Look over the material for the string "than". Copy every line where it turns up.
——————
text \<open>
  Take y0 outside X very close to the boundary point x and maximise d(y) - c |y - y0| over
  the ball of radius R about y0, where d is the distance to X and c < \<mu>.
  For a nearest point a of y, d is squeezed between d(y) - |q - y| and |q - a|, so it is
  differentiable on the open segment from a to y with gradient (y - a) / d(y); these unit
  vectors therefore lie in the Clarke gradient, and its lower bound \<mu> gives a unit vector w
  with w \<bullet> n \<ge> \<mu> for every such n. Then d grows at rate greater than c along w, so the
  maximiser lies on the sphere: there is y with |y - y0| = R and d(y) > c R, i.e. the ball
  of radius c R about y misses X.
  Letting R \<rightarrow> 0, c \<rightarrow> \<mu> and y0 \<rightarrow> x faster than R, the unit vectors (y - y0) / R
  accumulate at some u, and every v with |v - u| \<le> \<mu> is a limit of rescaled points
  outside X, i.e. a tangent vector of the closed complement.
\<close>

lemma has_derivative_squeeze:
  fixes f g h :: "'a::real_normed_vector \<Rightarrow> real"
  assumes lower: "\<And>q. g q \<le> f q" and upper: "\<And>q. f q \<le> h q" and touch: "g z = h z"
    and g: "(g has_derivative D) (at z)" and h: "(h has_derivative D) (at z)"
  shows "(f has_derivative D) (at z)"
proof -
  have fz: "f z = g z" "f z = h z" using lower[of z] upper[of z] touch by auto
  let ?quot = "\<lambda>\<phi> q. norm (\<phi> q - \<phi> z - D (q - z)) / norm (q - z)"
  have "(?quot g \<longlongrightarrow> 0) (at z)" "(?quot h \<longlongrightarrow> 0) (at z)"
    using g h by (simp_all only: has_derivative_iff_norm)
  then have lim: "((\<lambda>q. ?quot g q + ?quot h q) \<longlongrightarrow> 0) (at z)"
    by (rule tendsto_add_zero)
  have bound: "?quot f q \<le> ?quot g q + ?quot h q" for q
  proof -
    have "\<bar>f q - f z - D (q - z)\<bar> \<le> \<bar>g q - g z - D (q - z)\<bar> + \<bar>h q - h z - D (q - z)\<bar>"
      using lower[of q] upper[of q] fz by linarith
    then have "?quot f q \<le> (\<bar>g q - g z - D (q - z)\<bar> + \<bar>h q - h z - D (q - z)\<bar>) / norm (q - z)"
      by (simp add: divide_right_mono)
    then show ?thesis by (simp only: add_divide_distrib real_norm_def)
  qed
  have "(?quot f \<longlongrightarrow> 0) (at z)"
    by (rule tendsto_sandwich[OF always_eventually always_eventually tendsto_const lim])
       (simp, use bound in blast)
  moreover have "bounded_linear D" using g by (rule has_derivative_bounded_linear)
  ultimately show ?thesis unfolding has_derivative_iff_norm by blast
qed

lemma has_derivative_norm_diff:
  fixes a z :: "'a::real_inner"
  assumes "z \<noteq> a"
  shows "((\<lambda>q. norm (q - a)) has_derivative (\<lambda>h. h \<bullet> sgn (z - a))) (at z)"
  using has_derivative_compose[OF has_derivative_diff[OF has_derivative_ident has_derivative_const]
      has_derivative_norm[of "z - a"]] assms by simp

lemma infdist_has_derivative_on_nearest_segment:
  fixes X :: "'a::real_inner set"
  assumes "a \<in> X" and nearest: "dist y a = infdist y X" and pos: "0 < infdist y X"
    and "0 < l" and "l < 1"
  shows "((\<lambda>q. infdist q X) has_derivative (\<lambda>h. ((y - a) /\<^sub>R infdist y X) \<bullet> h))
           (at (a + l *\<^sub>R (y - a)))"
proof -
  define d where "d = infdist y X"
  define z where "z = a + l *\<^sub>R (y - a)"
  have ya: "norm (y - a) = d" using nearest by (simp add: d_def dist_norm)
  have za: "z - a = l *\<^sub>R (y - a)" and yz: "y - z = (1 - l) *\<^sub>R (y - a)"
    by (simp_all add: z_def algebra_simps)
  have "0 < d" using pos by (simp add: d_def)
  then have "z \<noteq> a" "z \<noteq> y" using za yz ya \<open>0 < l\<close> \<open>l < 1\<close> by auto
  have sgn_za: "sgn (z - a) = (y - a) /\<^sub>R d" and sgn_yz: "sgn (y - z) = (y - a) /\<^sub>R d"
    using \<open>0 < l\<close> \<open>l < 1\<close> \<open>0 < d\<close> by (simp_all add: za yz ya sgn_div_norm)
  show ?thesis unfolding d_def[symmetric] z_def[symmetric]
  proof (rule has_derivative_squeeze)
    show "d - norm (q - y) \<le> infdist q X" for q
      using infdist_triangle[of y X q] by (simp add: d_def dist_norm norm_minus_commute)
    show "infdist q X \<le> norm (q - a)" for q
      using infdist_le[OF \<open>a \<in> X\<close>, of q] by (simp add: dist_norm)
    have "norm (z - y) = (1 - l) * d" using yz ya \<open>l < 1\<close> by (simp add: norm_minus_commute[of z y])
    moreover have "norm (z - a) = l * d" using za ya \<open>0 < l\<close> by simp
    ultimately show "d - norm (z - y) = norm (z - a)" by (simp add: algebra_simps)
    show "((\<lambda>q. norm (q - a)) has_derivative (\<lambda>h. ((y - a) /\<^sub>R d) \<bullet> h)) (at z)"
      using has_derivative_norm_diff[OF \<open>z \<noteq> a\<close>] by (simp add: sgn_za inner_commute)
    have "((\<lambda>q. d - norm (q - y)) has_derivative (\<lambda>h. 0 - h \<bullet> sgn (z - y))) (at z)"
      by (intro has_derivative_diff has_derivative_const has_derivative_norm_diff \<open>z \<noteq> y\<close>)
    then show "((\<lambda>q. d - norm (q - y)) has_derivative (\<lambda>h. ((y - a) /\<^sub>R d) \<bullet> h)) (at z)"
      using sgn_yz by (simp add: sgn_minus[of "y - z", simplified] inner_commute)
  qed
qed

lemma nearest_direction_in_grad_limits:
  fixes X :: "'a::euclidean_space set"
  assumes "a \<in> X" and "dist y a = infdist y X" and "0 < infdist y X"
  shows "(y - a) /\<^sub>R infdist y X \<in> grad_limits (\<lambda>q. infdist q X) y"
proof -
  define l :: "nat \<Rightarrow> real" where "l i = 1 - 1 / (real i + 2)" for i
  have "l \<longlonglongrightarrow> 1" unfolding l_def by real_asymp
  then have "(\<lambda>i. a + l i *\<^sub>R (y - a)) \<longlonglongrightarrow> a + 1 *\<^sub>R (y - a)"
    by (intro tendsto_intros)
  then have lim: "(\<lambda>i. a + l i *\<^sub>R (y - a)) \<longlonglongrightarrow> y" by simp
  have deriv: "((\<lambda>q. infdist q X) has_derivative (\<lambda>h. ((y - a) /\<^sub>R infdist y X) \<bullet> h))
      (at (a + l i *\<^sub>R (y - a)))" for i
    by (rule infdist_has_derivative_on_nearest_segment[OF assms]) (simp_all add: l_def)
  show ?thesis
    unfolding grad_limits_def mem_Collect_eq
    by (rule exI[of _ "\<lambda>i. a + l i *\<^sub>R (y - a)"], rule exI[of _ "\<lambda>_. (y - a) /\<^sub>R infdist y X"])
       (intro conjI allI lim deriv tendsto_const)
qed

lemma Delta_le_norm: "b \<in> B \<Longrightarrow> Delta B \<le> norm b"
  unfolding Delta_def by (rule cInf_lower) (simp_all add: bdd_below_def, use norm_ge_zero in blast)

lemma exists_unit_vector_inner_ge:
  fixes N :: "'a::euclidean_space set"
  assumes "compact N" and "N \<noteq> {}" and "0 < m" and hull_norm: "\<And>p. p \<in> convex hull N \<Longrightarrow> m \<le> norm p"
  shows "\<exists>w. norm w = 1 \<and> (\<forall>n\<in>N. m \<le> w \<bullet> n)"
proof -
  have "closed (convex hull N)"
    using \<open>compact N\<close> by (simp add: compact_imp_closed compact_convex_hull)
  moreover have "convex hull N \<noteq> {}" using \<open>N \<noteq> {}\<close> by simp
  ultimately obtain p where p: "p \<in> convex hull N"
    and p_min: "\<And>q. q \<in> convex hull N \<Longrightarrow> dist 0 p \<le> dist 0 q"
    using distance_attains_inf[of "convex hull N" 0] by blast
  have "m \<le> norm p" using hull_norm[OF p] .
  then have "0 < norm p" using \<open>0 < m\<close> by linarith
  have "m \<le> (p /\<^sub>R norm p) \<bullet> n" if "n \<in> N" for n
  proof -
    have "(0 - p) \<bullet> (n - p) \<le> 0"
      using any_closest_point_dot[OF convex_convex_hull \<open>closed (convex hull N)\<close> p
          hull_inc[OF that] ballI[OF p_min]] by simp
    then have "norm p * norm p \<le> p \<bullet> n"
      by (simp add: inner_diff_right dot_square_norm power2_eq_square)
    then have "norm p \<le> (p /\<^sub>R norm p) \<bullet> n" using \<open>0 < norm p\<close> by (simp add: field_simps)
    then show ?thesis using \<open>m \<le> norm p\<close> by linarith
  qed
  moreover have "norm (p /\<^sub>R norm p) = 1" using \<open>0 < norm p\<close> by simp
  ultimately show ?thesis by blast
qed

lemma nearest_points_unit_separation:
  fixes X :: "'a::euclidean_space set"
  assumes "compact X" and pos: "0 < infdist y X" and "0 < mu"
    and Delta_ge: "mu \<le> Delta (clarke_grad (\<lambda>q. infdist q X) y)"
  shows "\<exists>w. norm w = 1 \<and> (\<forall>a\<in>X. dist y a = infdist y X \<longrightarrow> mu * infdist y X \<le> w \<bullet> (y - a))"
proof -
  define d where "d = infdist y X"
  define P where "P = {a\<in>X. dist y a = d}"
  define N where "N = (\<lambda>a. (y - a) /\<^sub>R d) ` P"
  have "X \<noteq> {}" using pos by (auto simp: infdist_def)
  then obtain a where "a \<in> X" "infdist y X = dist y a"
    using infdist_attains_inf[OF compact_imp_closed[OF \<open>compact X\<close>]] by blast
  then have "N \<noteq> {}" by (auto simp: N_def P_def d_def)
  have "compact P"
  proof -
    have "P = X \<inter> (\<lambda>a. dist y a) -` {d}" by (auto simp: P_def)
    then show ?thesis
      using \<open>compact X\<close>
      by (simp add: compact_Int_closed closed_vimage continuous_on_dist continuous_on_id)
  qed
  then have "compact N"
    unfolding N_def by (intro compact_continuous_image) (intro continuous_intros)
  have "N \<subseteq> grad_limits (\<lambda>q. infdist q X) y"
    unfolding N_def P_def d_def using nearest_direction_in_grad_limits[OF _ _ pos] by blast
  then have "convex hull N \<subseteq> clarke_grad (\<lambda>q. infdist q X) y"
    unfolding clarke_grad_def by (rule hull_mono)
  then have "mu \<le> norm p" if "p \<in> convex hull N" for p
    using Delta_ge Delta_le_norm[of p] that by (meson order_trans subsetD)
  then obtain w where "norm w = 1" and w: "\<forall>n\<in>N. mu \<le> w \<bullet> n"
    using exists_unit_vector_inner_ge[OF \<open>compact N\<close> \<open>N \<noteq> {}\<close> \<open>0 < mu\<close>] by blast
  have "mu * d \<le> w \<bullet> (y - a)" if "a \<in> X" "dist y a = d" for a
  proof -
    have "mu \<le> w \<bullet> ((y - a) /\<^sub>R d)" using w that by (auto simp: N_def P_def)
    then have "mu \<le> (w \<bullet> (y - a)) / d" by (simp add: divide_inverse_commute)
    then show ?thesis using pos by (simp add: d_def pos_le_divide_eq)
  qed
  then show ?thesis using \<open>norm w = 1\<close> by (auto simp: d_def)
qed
——————
> **OUTPUT**
  with w \<bullet> n \<ge> \<mu> for every such n. Then d grows at rate greater than c along w, so the
  Letting R \<rightarrow> 0, c \<rightarrow> \<mu> and y0 \<rightarrow> x faster than R, the unit vectors (y - y0) / R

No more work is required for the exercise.